lemma sorted_run_merge_comp:
  assumes "transp R" "totalp_on A R"
  shows "query_compares ans Qf R A \<Longrightarrow> set xs \<subseteq> A \<Longrightarrow> set ys \<subseteq> A \<Longrightarrow> set xs \<inter> set ys = {} \<Longrightarrow>
    sorted_wrt R xs \<Longrightarrow> sorted_wrt R ys \<Longrightarrow> sorted_wrt R (run_comp ans (merge_comp Qf xs ys))"
proof (induction Qf xs ys rule: merge_comp.induct)
  case (3 Qf x xs y ys)
  have set_run: "set (run_comp ans (merge_comp Qf as bs)) = set as \<union> set bs" for as bs
    by (metis mset_run_merge_comp set_mset_mset set_mset_union)
  have xy: "x \<in> A" "y \<in> A" "x \<noteq> y"
    using "3.prems" by auto
  show ?case
  proof (cases "ans (Qf x y) = x")
    case True
    then have "R x y"
      using query_comparesD[OF "3.prems"(1) xy] by simp
    then have "\<forall>z\<in>set xs \<union> set (y # ys). R x z"
      using "3.prems"(5,6) by (auto intro: transpD[OF assms(1), of x y])
    moreover have "sorted_wrt R (run_comp ans (merge_comp Qf xs (y # ys)))"
      using "3.IH"(1)[OF True] "3.prems" by auto
    ultimately show ?thesis
      using True by (simp add: set_run)
  next
    case False
    then have "R y x"
      using query_comparesD[OF "3.prems"(1) xy] xy assms(2) by (auto simp: totalp_on_def)
    then have "\<forall>z\<in>set (x # xs) \<union> set ys. R y z"
      using "3.prems"(5,6) by (auto intro: transpD[OF assms(1), of y x])
    moreover have "sorted_wrt R (run_comp ans (merge_comp Qf (x # xs) ys))"
      using "3.IH"(2)[OF False] "3.prems" by auto
    ultimately show ?thesis
      using False by (simp add: set_run)
  qed
qed auto

lemma mset_run_msort_comp [simp]: "mset (run_comp ans (msort_comp Qf xs)) = mset xs"
proof (induction Qf xs rule: msort_comp.induct)
  case (1 Qf xs)
  then show ?case
    by (subst msort_comp.simps) (simp flip: mset_append)
qed

lemma set_run_msort_comp [simp]: "set (run_comp ans (msort_comp Qf xs)) = set xs"
  by (metis mset_run_msort_comp set_mset_mset)

lemma length_run_msort_comp [simp]: "length (run_comp ans (msort_comp Qf xs)) = length xs"
  by (metis mset_run_msort_comp size_mset)

lemma cost_msort_comp:
  "length xs \<le> 2 ^ L \<Longrightarrow> cost_comp ans (msort_comp Qf xs) \<le> length xs * L"
proof (induction Qf xs arbitrary: L rule: msort_comp.induct)
  case (1 Qf xs)
  show ?case
  proof (cases "length xs \<le> 1")
    case False
    then obtain L' where L: "L = Suc L'"
      using "1.prems" by (cases L) auto
    let ?as = "take (length xs div 2) xs" and ?bs = "drop (length xs div 2) xs"
    have halves: "length ?as \<le> 2 ^ L'" "length ?bs \<le> 2 ^ L'"
      using "1.prems" L by auto
    have "cost_comp ans (msort_comp Qf xs) \<le> length ?as * L' + length ?bs * L' + length xs"
      using "1.IH"(1)[OF False halves(1)] "1.IH"(2)[OF False halves(2)]
        cost_merge_comp[of ans Qf "run_comp ans (msort_comp Qf ?as)" "run_comp ans (msort_comp Qf ?bs)"]
      by (subst msort_comp.simps) (simp add: False)
    also have "\<dots> = length xs * L"
      using L by (simp add: algebra_simps flip: add_mult_distrib)
    finally show ?thesis .
  qed (subst msort_comp.simps, simp)
qed

lemma queries_ok_msort_comp:
  "distinct xs \<Longrightarrow> \<forall>x\<in>set xs. \<forall>y\<in>set xs. x \<noteq> y \<longrightarrow> P (Qf x y) \<Longrightarrow>
    queries_ok P ans (msort_comp Qf xs)"
proof (induction Qf xs rule: msort_comp.induct)
  case (1 Qf xs)
  show ?case
  proof (cases "length xs \<le> 1")
    case False
    let ?as = "take (length xs div 2) xs" and ?bs = "drop (length xs div 2) xs"
    have "set ?as \<inter> set ?bs = {}"
      using "1.prems"(1) by (rule set_take_disj_set_drop_if_distinct) simp
    then have "queries_ok P ans (merge_comp Qf (run_comp ans (msort_comp Qf ?as))
        (run_comp ans (msort_comp Qf ?bs)))"
      using "1.prems"(2) by (intro queries_ok_merge_comp ballI)
        (metis disjoint_iff in_set_dropD in_set_takeD set_run_msort_comp)
    moreover have "queries_ok P ans (msort_comp Qf ?as)" "queries_ok P ans (msort_comp Qf ?bs)"
      using "1.IH" False "1.prems" by (auto dest: in_set_takeD in_set_dropD)
    ultimately show ?thesis
      by (subst msort_comp.simps) (simp add: False)
  qed (subst msort_comp.simps, simp)
qed

lemma sorted_run_msort_comp:
  assumes "transp R" "totalp_on A R"
  shows "query_compares ans Qf R A \<Longrightarrow> set xs \<subseteq> A \<Longrightarrow> distinct xs \<Longrightarrow>
    sorted_wrt R (run_comp ans (msort_comp Qf xs))"
proof (induction Qf xs rule: msort_comp.induct)
  case (1 Qf xs)
  show ?case
  proof (cases "length xs \<le> 1")
    case False
    let ?as = "take (length xs div 2) xs" and ?bs = "drop (length xs div 2) xs"
    have "sorted_wrt R (run_comp ans (msort_comp Qf ?as))"
      "sorted_wrt R (run_comp ans (msort_comp Qf ?bs))"
      using "1.IH" False "1.prems" by (auto dest: in_set_takeD in_set_dropD)
    moreover have "set ?as \<inter> set ?bs = {}"
      using "1.prems"(3) by (rule set_take_disj_set_drop_if_distinct) simp
    ultimately have "sorted_wrt R (run_comp ans (merge_comp Qf (run_comp ans (msort_comp Qf ?as))
        (run_comp ans (msort_comp Qf ?bs))))"
      using "1.prems"(1,2) by (intro sorted_run_merge_comp[OF assms])
        (auto dest: in_set_takeD in_set_dropD)
    then show ?thesis
      by (subst msort_comp.simps) (simp add: sorted_wrt01)
  qed (subst msort_comp.simps, simp add: sorted_wrt01)
qed


section \<open>Orienting a monotone list\<close>

definition orient_comp :: "nat \<Rightarrow> nat \<Rightarrow> nat list \<Rightarrow> nat list comp" where
  "orient_comp k t ms = Ask (set (take k ms)) (\<lambda>q. Ret (if q = ms ! (t - 1) then ms else rev ms))"

text \<open>If \<open>ms\<close> decreases, the answer is \<open>ms ! (k - t)\<close>, which coincides with \<open>ms ! (t - 1)\<close>
only for a symmetric scale.\<close>

lemma sorted_run_orient_comp:
  assumes t: "1 \<le> t" "t \<le> k" "k \<le> length ms"
    and sorted: "sorted_wrt (\<lambda>x y. r x < r y) ms \<or> sorted_wrt (\<lambda>x y. r y < r x) ms"
  defines "os \<equiv> run_comp (scale t r) (orient_comp k t ms)"
  shows "sorted_wrt (\<lambda>x y. r x < r y) os \<or> (2 * t = k + 1 \<and> sorted_wrt (\<lambda>x y. r y < r x) os)"
  using sorted
proof
  assume inc: "sorted_wrt (\<lambda>x y. r x < r y) ms"
  then have "scale t r (set (take k ms)) = ms ! (t - 1)"
    using scale_sorted[of r "take k ms" t] t by (simp add: sorted_wrt_take)
  then show ?thesis
    using inc by (simp add: os_def orient_comp_def)
next
  assume dec: "sorted_wrt (\<lambda>x y. r y < r x) ms"
  then have "sorted_wrt (\<lambda>x y. r x < r y) (rev (take k ms))"
    by (simp add: sorted_wrt_rev sorted_wrt_take)
  then have "scale t r (set (take k ms)) = rev (take k ms) ! (t - 1)"
    using scale_sorted[of r "rev (take k ms)" t] t by simp
  also have "\<dots> = ms ! (k - t)"
    using t by (simp add: rev_nth)
  finally have q: "scale t r (set (take k ms)) = ms ! (k - t)" .
  show ?thesis
  proof (cases "ms ! (k - t) = ms ! (t - 1)")
    case True
    have "distinct ms"
      using dec by (rule distinct_if_sorted_wrt_irrefl[rotated]) simp
    then have "k - t = t - 1"
      using True t nth_eq_iff_index_eq by fastforce
    then have "2 * t = k + 1"
      using t by linarith
    then show ?thesis
      using dec q True by (simp add: os_def orient_comp_def)
  next
    case False
    then show ?thesis
      using dec q by (simp add: os_def orient_comp_def sorted_wrt_rev)
  qed
qed


section \<open>The algorithm\<close>

primrec tournament :: "nat set \<Rightarrow> nat list \<Rightarrow> nat set comp" where
  "tournament C [] = Ret C"
| "tournament C (x # xs) = Ask (insert x C) (\<lambda>q. tournament (insert x C - {q}) xs)"

lemma cost_tournament [simp]: "cost_comp ans (tournament C xs) = length xs"
  by (induction xs arbitrary: C) auto

definition extremes_and_order :: "nat \<Rightarrow> nat \<Rightarrow> nat \<Rightarrow> (nat set \<times> nat list) comp" where
  "extremes_and_order k t n =
     bind_comp (tournament {..<k - 1} [k - 1..<n]) (\<lambda>C.
     bind_comp (msort_comp (\<lambda>x y. (C - {Min C}) \<union> {x, y}) (filter (\<lambda>x. x \<notin> C) [0..<n])) (\<lambda>ms.
     bind_comp (orient_comp k t ms) (\<lambda>os. Ret (C, os))))"

locale hidden_order =
  fixes k t n :: nat and r :: "nat \<Rightarrow> nat"
  assumes k_ge_2: "2 \<le> k" and t_pos: "1 \<le> t" and t_le_k: "t \<le> k"
    and rank_bij: "bij_betw r {..<n} {..<n}" and n_large: "2 * k \<le> n"
begin

abbreviation "small \<equiv> smallS t n r"
abbreviation "large \<equiv> largeL k t n r"
abbreviation "extreme \<equiv> small \<union> large"
abbreviation "middle \<equiv> {..<n} - extreme"

lemma inj_on_rank: "Q \<subseteq> {..<n} \<Longrightarrow> inj_on r Q"
  using rank_bij by (auto simp: bij_betw_def intro: inj_on_subset)

lemma rank_less: "x < n \<Longrightarrow> r x < n"
  using rank_bij by (auto simp: bij_betw_def)

lemma rank_less_or_greater: "x < n \<Longrightarrow> y < n \<Longrightarrow> x \<noteq> y \<Longrightarrow> r x < r y \<or> r y < r x"
  using inj_on_rank[of "{x, y}"] by (auto simp: linorder_neq_iff)

lemma card_rank_preimage: "card {x \<in> {..<n}. P (r x)} = card {i \<in> {..<n}. P i}"
proof -
  have "r ` {x \<in> {..<n}. P (r x)} = {i \<in> {..<n}. P i}"
    using rank_bij by (auto simp: bij_betw_def)
  then show ?thesis
    by (metis (no_types, lifting) card_image inj_on_rank mem_Collect_eq subsetI)
qed

lemma card_small: "card small = t - 1"
proof -
  have "card small = card {i \<in> {..<n}. i < t - 1}"
    unfolding smallS_def by (rule card_rank_preimage)
  also have "{i \<in> {..<n}. i < t - 1} = {..<t - 1}"
    using n_large t_le_k by auto
  finally show ?thesis
    by simp
qed

lemma card_large: "card large = k - t"
proof -
  have "card large = card {i \<in> {..<n}. n - (k - t) \<le> i}"
    unfolding largeL_def by (rule card_rank_preimage)
  also have "{i \<in> {..<n}. n - (k - t) \<le> i} = {n - (k - t)..<n}"
    by auto
  finally show ?thesis
    using n_large by simp
qed

lemma small_large_disjoint: "small \<inter> large = {}"
  using n_large t_le_k by (auto simp: smallS_def largeL_def)

lemma extreme_subset: "extreme \<subseteq> {..<n}"
  by (auto simp: smallS_def largeL_def)

lemma finite_extreme: "finite extreme"
  using extreme_subset finite_subset by blast

lemma card_extreme: "card extreme = k - 1"
  using card_Un_disjoint[OF _ _ small_large_disjoint] finite_extreme card_small card_large
    t_pos t_le_k by simp

lemma card_middle: "card middle = n - (k - 1)"
  using card_Diff_subset[OF finite_extreme extreme_subset] card_extreme by simp

lemma mem_middle: "x \<in> middle \<longleftrightarrow> x < n \<and> t - 1 \<le> r x \<and> r x < n - (k - t)"
  by (auto simp: smallS_def largeL_def)

lemma scale_in_middle:
  assumes Q: "Q \<subseteq> {..<n}" "card Q = k"
  shows "scale t r Q \<in> Q \<inter> middle"
proof -
  obtain ys where ys: "set ys = Q" "sorted_wrt (\<lambda>x y. r x < r y) ys"
    using sorted_wrt_key_enumeration[OF finite_subset[OF Q(1)] inj_on_rank[OF Q(1)]] by blast
  have len: "length ys = k"
    using Q(2) ys distinct_card[OF distinct_if_sorted_wrt_irrefl[OF _ ys(2)]] by simp
  have t: "t - 1 < length ys"
    using len t_pos t_le_k by simp
  have zs: "sorted_wrt (<) (map r ys)" "set (map r ys) \<subseteq> {..<n}"
    using ys Q(1) rank_less by (auto simp: sorted_wrt_map)
  have "t - 1 \<le> r (ys ! (t - 1))" "r (ys ! (t - 1)) + (k - (t - 1)) \<le> n"
    using strict_sorted_nth_bounds[OF zs, of "t - 1"] t len by auto
  then have "ys ! (t - 1) \<in> middle"
    unfolding mem_middle using nth_mem[OF t] ys(1) Q(1) t_pos t_le_k by auto
  then show ?thesis
    using scale_sorted[OF ys(2) t] nth_mem[OF t] ys(1) by simp
qed
lemma class_step_b2:
  assumes part: "partition3 m S T U" and a: "a \<in> T" and b: "b \<in> T" and ab: "a \<noteq> b"
    and fv: "\<forall>v\<in>Vsp m. f v = mono_val z S T v"
  shows "\<exists>g. fun_of_class m 0 (card S) (card T - 1) (card U + 1) (gr_act m g f)"
proof -
  have am: "a \<in> {1..m}" and bm: "b \<in> {1..m}" and aU: "a \<notin> U" and SK: "S \<inter> {a, b} = {}"
    using a b part by (auto simp: partition3_def)
  have "\<exists>g. fun_of_class m 0 (card S) (card (T - {a})) (card (insert a U)) (gr_act m g f)"
  proof (rule class_step[OF part _ _ _ _ _ _ _ fv, where K="{a, b}" and z'=z])
    show "partition3 m S (T - {a}) (insert a U)" using part a by (auto simp: partition3_def)
    show "set [id, Em m z a b] \<subseteq> Sp m" using id_Sp Em_Sp[OF am bm ab] by auto
    have "T \<inter> {a, b} = {a, b}" "(T - {a}) \<inter> {a, b} = {b}" using a b ab by auto
    then show "\<And>v. v \<in> Vsp m \<Longrightarrow> (\<Sum>h\<leftarrow>[id, Em m z a b]. mono_val z (S \<inter> {a, b}) (T \<inter> {a, b}) (h v))
            = mono_val z (S \<inter> {a, b}) ((T - {a}) \<inter> {a, b}) v"
      using local_identity_b2[OF am bm ab] SK by simp
  qed (use am bm ab in auto)
  then show ?thesis using a aU partition3_finite[OF part] by simp
qed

What the task asks - Copy the stretch of the records above that runs from the line with "using dec by" through the line with "section \<open>The algorithm\<close>". Both end lines belong in the copy, and nothing else does.

Response area -
      using dec by (rule distinct_if_sorted_wrt_irrefl[rotated]) simp
    then have "k - t = t - 1"
      using True t nth_eq_iff_index_eq by fastforce
    then have "2 * t = k + 1"
      using t by linarith
    then show ?thesis
      using dec q True by (simp add: os_def orient_comp_def)
  next
    case False
    then show ?thesis
      using dec q by (simp add: os_def orient_comp_def sorted_wrt_rev)
  qed
qed


section \<open>The algorithm\<close>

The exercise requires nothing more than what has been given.